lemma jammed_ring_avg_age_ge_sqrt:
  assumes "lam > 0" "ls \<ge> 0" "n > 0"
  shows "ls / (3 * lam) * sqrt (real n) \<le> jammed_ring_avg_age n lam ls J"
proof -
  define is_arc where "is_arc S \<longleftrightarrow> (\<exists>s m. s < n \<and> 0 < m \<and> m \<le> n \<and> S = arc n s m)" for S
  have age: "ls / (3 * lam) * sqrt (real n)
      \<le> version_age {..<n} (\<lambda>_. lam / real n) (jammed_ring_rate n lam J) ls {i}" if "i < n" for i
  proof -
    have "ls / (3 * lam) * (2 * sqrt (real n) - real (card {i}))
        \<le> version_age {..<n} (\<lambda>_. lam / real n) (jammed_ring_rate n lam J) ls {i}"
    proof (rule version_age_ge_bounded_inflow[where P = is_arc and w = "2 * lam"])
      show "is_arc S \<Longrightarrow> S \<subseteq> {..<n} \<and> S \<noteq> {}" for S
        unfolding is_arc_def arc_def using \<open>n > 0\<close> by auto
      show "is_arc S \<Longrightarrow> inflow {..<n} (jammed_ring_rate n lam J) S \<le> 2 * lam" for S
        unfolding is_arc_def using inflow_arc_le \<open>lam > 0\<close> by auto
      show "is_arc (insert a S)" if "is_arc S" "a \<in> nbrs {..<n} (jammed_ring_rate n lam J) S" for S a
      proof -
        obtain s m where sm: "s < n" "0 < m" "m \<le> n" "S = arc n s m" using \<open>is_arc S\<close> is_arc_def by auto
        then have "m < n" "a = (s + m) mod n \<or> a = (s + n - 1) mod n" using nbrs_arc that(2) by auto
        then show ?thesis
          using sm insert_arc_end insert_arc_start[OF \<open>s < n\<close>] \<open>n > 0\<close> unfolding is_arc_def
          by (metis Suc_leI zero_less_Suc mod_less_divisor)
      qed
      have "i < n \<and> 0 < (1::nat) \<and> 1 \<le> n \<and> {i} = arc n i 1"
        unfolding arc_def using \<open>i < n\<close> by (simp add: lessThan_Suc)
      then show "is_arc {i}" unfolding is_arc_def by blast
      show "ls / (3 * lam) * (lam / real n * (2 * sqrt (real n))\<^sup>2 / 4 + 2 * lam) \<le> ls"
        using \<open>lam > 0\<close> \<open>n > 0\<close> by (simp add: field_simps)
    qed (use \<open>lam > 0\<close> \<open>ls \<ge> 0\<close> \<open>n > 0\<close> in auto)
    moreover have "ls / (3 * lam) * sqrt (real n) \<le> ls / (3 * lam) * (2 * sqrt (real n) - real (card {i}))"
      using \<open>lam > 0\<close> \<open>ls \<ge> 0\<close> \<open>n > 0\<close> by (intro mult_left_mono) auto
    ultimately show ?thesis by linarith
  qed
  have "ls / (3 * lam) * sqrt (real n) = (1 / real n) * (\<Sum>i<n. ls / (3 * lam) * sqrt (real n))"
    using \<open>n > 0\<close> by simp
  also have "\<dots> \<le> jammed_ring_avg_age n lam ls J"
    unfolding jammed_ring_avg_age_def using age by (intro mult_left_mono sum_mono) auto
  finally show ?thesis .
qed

:::

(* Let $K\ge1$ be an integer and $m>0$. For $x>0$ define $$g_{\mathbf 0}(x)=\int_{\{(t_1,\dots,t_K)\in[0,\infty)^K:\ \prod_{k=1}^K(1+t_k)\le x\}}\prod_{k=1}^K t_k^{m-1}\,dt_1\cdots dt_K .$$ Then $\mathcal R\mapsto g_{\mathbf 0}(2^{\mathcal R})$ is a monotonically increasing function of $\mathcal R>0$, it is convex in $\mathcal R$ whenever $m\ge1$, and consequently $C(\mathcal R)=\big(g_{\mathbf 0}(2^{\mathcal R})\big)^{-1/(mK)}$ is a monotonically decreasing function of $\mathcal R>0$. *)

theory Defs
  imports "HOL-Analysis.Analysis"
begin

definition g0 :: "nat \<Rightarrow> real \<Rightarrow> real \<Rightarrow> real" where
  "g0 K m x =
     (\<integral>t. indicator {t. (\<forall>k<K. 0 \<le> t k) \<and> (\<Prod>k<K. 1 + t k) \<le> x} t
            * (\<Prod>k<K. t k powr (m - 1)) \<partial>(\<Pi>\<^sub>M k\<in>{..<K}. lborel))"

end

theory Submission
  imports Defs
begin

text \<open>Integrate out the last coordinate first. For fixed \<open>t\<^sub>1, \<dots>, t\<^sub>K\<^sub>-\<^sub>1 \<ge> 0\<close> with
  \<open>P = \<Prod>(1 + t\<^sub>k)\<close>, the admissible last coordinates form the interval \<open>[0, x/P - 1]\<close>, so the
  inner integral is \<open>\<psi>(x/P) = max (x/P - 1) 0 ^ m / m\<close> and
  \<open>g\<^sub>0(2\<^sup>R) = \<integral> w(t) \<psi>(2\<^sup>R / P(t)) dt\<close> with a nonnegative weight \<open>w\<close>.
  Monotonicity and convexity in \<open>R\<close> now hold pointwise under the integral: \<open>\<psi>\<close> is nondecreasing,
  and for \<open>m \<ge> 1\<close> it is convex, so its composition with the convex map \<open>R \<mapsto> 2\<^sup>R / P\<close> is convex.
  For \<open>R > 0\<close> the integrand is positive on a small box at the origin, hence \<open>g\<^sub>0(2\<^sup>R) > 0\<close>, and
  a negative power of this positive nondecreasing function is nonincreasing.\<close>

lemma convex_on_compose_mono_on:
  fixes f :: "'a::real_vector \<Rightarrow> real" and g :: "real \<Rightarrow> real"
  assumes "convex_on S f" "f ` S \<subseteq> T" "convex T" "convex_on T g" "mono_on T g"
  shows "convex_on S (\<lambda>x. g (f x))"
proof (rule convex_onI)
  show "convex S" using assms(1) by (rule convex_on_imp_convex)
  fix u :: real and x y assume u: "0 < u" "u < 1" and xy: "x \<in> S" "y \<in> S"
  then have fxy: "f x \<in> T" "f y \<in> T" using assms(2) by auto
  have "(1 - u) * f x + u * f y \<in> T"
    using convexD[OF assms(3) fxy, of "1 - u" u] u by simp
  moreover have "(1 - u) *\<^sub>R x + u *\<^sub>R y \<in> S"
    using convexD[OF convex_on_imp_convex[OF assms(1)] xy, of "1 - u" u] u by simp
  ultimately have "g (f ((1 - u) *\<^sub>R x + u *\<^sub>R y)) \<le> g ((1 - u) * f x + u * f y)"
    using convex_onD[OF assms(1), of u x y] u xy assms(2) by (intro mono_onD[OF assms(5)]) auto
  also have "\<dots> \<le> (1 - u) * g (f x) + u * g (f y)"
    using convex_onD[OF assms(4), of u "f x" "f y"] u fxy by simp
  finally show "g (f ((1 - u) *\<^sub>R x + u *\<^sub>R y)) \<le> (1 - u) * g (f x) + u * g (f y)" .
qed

:::

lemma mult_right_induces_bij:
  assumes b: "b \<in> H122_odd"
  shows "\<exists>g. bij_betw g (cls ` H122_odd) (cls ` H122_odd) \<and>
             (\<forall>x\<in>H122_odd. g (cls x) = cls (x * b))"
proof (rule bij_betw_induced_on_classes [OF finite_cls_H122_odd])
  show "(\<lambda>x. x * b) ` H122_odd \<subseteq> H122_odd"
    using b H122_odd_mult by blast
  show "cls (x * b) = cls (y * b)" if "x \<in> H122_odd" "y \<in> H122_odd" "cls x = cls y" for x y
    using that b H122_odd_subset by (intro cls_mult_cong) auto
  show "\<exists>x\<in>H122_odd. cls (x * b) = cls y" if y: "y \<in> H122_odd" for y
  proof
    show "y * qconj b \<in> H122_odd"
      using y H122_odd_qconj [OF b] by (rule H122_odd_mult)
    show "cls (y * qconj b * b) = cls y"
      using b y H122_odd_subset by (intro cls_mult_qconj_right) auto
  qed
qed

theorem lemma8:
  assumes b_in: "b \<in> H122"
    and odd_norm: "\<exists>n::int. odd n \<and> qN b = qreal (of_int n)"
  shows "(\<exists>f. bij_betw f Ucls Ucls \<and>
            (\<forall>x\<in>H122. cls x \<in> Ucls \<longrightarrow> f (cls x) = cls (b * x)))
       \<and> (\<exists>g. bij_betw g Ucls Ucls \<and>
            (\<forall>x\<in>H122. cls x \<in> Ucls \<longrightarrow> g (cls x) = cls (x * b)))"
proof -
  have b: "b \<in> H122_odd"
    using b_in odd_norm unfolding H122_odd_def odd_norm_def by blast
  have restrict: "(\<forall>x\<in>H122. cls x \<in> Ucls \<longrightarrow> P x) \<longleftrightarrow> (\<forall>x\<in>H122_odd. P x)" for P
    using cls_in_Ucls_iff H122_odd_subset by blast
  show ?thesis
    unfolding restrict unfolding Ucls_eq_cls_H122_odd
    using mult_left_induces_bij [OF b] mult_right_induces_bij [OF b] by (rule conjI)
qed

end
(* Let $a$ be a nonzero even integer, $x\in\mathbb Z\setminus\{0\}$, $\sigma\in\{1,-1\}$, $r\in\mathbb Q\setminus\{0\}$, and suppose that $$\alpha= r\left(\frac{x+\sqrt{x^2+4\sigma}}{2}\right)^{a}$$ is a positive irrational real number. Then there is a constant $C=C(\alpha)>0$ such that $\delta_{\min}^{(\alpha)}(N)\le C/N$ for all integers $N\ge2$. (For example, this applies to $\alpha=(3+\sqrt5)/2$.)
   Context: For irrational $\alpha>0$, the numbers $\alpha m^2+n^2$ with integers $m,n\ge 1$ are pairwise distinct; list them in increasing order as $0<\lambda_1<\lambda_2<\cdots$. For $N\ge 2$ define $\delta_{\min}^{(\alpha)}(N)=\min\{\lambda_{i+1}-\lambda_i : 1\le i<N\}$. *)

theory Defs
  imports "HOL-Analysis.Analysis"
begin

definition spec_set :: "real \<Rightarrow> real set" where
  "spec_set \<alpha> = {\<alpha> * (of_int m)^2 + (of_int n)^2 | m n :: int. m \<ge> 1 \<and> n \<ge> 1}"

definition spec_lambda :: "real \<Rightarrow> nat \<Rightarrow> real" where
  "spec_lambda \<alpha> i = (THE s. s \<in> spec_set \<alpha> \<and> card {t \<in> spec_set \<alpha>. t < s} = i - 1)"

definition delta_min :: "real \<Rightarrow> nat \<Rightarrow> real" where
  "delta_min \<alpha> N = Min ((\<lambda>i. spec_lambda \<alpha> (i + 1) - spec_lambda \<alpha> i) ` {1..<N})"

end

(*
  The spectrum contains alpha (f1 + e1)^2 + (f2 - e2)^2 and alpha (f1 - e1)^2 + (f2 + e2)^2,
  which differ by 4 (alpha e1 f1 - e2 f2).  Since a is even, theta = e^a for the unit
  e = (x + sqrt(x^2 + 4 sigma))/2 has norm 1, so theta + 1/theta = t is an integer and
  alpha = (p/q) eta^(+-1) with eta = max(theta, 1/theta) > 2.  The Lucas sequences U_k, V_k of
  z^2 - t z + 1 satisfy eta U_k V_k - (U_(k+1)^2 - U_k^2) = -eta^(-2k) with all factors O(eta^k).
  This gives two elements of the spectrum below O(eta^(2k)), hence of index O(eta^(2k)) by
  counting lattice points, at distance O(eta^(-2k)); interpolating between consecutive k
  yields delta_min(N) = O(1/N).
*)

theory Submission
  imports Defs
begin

:::

▶ _EXERCISE GOAL_
Find the lines in the data that include "rule", then copy each of them.

▶ _RESPONSE TO THIS EXERCISE_
    proof (rule version_age_ge_bounded_inflow[where P = is_arc and w = "2 * lam"])
proof (rule convex_onI)
  show "convex S" using assms(1) by (rule convex_on_imp_convex)
proof (rule bij_betw_induced_on_classes [OF finite_cls_H122_odd])
      using y H122_odd_qconj [OF b] by (rule H122_odd_mult)
    using mult_left_induces_bij [OF b] mult_right_induces_bij [OF b] by (rule conjI)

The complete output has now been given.